I have a TessBaseAPI() object with a returned object. I want to extract the words with their bounding box but can't seem to get it working.
val Text = tesseract.getUTF8Text()
gives me the text.
val Words = tesseract.getWords.boxRects
gives me the bounding boxes that I can loop through but they don't match with getUTF8Text().
Looping through the data object in tesseract.getWords and trying to convert it to string gives me jibberish.

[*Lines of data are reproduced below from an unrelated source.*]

section \<open>Summing over the maximal cliques of a block graph\<close>

definition component :: "'a set set \<Rightarrow> 'a set \<Rightarrow> 'a \<Rightarrow> 'a set" where
  "component E A u = {t. (adjacent (induced_edges E A))\<^sup>*\<^sup>* u t}"

lemma component_self: "u \<in> component E A u"
  unfolding component_def by simp

lemma component_closed:
  "t \<in> component E A u \<Longrightarrow> {t, b} \<in> E \<Longrightarrow> t \<in> A \<Longrightarrow> b \<in> A \<Longrightarrow> b \<in> component E A u"
  unfolding component_def by (simp add: rtranclp.rtrancl_into_rtrancl)

lemma component_reachable:
  assumes "t \<in> component E A u"
  shows "(adjacent (induced_edges E (component E A u)))\<^sup>*\<^sup>* u t"
  using assms unfolding component_def mem_Collect_eq
proof (induction rule: rtranclp_induct)
  case (step t t')
  then show ?case by (auto intro: rtranclp.rtrancl_into_rtrancl)
qed simp

lemma component_subset: "u \<in> A \<Longrightarrow> component E A u \<subseteq> A"
  unfolding component_def by (auto elim: rtranclp.cases)

lemma component_subset_closed:
  assumes "u \<in> U \<inter> A" "\<And>a b. a \<in> U \<inter> A \<Longrightarrow> {a, b} \<in> E \<Longrightarrow> b \<in> U"
  shows "component E A u \<subseteq> U \<inter> A"
proof
  fix t assume "t \<in> component E A u"
  then show "t \<in> U \<inter> A"
    unfolding component_def mem_Collect_eq
  proof (induction rule: rtranclp_induct)
    case (step t t')
    then show ?case using assms(2) by auto
  qed (use assms(1) in simp)
qed
text \<open>In the variable s one has (ln g_1)' = \<Sum> X_j^2 - Y_1'/Y_1 = X_1 > 0, so g_1^2 increases along
  the trajectory, and so does t. Near E the term \<lambda>_2 Y_2^2 is bounded below by some \<delta> > 0, hence
  \<Sum> X_j^2 - 1 \<le> -\<delta> and, as \<lambda>_1 = 0, X_1' \<le> -\<delta> X_1. Thus ln g_1 + X_1/\<delta> is eventually
  nonincreasing, which bounds ln g_1 from above. A bounded increasing function converges to its
  supremum, which is positive since g_1^2 is.\<close>

lemma has_real_derivative_interval_integral:
  fixes f :: "real \<Rightarrow> real" and c :: real
  assumes "\<And>x. isCont f x"
  shows "((\<lambda>u. LBINT y=c..u. f y) has_real_derivative f x) (at x)"
proof -
  let ?a = "min c (x - 1)" and ?b = "max c (x + 1)"
  have "at x within {?a..?b} = at x"
    by (intro at_within_interior) auto
  moreover have "continuous_on {?a..?b} f"
    using assms by (simp add: continuous_at_imp_continuous_on)
  ultimately show ?thesis
    using interval_integral_FTC2[of ?a c ?b f x]
    by (auto simp: has_real_derivative_iff_has_vector_derivative)
qed

lemma mono_bdd_above_tendsto_SUP:
  fixes f :: "real \<Rightarrow> real"
  assumes "mono f" and bdd: "bdd_above (range f)"
  shows "(f \<longlongrightarrow> (SUP s. f s)) at_top"
proof (rule order_tendstoI)
  fix a assume "a < (SUP s. f s)"
  then obtain s' where "a < f s'"
    using less_cSUP_iff[OF _ bdd] by auto
  then show "\<forall>\<^sub>F s in at_top. a < f s"
    using \<open>mono f\<close> by (auto simp: eventually_at_top_linorder intro: less_le_trans dest: monoD)
next
  fix b assume "(SUP s. f s) < b"
  then show "\<forall>\<^sub>F s in at_top. f s < b"
    using cSUP_upper[OF _ bdd] by (auto intro: always_eventually le_less_trans)
qed

lemma eventually_at_top_strict_mono_reparam:
  fixes T :: "real \<Rightarrow> real"
  assumes "strict_mono T" and "eventually P at_top"
  shows "\<exists>t0. \<forall>s. T s \<ge> t0 \<longrightarrow> P s"
proof -
  obtain s' where "\<And>s. s \<ge> s' \<Longrightarrow> P s"
    using assms(2) by (auto simp: eventually_at_top_linorder)
  then show ?thesis
    using strict_mono_less_eq[OF assms(1)] by blast
qed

val Words = tesseract.getWords
for(i in Words) {
Log.i(TAG, i.data.toString())
}
I found a really bad workaround by using .getHOCRText and doing regex on the produced content to get the text and the boxes.
val result = tesseract.getHOCRText(0)
val BoxPattern = Pattern.compile("(?<=title='bbox ).*?(?=; x_wconf)")
val BoxMatch = BoxPattern.matcher(result)
while(BoxMatch.find()) {
Log.i(TAG, BoxMatch.group().toString())
}
val TextPattern = Pattern.compile("(?<='>).*?(?=<\\/span>)")
val TextMatch = TextPattern.matcher(result)
while(TextMatch.find()) {
Log.i(TAG, TextMatch.group().toString())
}
So, how can I properly extract the text and boxRects from tess-two?